------ Records
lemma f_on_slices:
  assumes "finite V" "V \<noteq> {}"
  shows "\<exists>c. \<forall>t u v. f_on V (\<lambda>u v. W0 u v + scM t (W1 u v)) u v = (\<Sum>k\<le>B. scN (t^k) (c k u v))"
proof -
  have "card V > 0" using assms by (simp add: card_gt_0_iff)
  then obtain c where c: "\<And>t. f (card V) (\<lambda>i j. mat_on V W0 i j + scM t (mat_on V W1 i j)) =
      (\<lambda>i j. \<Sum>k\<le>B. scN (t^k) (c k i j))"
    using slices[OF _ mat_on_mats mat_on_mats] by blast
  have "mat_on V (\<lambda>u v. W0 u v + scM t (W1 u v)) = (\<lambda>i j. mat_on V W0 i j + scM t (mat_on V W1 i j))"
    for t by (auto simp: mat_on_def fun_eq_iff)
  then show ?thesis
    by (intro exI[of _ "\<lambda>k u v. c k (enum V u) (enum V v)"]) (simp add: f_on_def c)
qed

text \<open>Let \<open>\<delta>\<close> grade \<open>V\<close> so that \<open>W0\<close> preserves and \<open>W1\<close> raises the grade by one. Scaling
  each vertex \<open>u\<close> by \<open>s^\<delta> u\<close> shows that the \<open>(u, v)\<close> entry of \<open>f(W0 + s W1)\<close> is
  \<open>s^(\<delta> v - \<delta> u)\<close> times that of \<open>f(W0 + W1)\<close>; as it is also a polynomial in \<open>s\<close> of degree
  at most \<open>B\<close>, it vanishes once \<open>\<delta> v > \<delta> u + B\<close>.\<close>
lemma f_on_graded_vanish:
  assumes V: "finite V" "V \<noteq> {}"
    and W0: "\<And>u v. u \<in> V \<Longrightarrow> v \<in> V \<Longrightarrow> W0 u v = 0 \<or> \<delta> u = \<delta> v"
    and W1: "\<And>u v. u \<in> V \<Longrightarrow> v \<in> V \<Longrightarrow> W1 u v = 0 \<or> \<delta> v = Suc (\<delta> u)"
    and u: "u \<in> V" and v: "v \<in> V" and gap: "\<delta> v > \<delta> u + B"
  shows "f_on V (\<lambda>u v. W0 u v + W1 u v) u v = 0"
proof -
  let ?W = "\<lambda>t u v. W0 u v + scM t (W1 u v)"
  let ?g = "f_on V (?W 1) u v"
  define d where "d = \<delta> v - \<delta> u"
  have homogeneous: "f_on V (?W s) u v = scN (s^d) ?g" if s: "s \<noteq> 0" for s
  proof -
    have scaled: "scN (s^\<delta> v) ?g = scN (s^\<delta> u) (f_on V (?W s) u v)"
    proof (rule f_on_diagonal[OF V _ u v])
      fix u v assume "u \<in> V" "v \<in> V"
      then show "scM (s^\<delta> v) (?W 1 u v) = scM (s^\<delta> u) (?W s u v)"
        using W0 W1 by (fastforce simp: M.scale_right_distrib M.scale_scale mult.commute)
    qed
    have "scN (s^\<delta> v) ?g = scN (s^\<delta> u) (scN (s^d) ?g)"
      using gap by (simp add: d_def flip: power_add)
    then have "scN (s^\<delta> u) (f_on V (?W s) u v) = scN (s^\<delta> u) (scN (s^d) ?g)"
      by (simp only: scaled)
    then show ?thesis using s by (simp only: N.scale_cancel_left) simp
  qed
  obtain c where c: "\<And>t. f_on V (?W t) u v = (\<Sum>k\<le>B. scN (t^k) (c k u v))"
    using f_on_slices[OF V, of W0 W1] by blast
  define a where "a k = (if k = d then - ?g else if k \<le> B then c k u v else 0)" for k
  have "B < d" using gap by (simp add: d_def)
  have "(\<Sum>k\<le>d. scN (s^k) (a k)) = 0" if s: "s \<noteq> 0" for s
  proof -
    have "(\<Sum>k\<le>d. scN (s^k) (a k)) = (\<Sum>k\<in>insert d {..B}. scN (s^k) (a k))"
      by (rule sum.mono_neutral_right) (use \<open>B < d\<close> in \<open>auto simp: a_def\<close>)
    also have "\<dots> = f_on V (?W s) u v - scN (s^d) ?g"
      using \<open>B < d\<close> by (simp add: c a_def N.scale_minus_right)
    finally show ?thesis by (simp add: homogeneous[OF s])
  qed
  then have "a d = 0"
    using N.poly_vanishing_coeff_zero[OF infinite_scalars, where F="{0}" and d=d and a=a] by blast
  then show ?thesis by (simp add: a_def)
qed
------------
#### Required action
Copy out the lines above exactly, beginning at the one that contains "(simp add: card_gt_0_iff)" and ending at the one that contains "(\<lambda>i j. \<Sum>k\<le>B.".

#### Output of the task
  have "card V > 0" using assms by (simp add: card_gt_0_iff)
  then obtain c where c: "\<And>t. f (card V) (\<lambda>i j. mat_on V W0 i j + scM t (mat_on V W1 i j)) =
      (\<lambda>i j. \<Sum>k\<le>B. scN (t^k) (c k i j))"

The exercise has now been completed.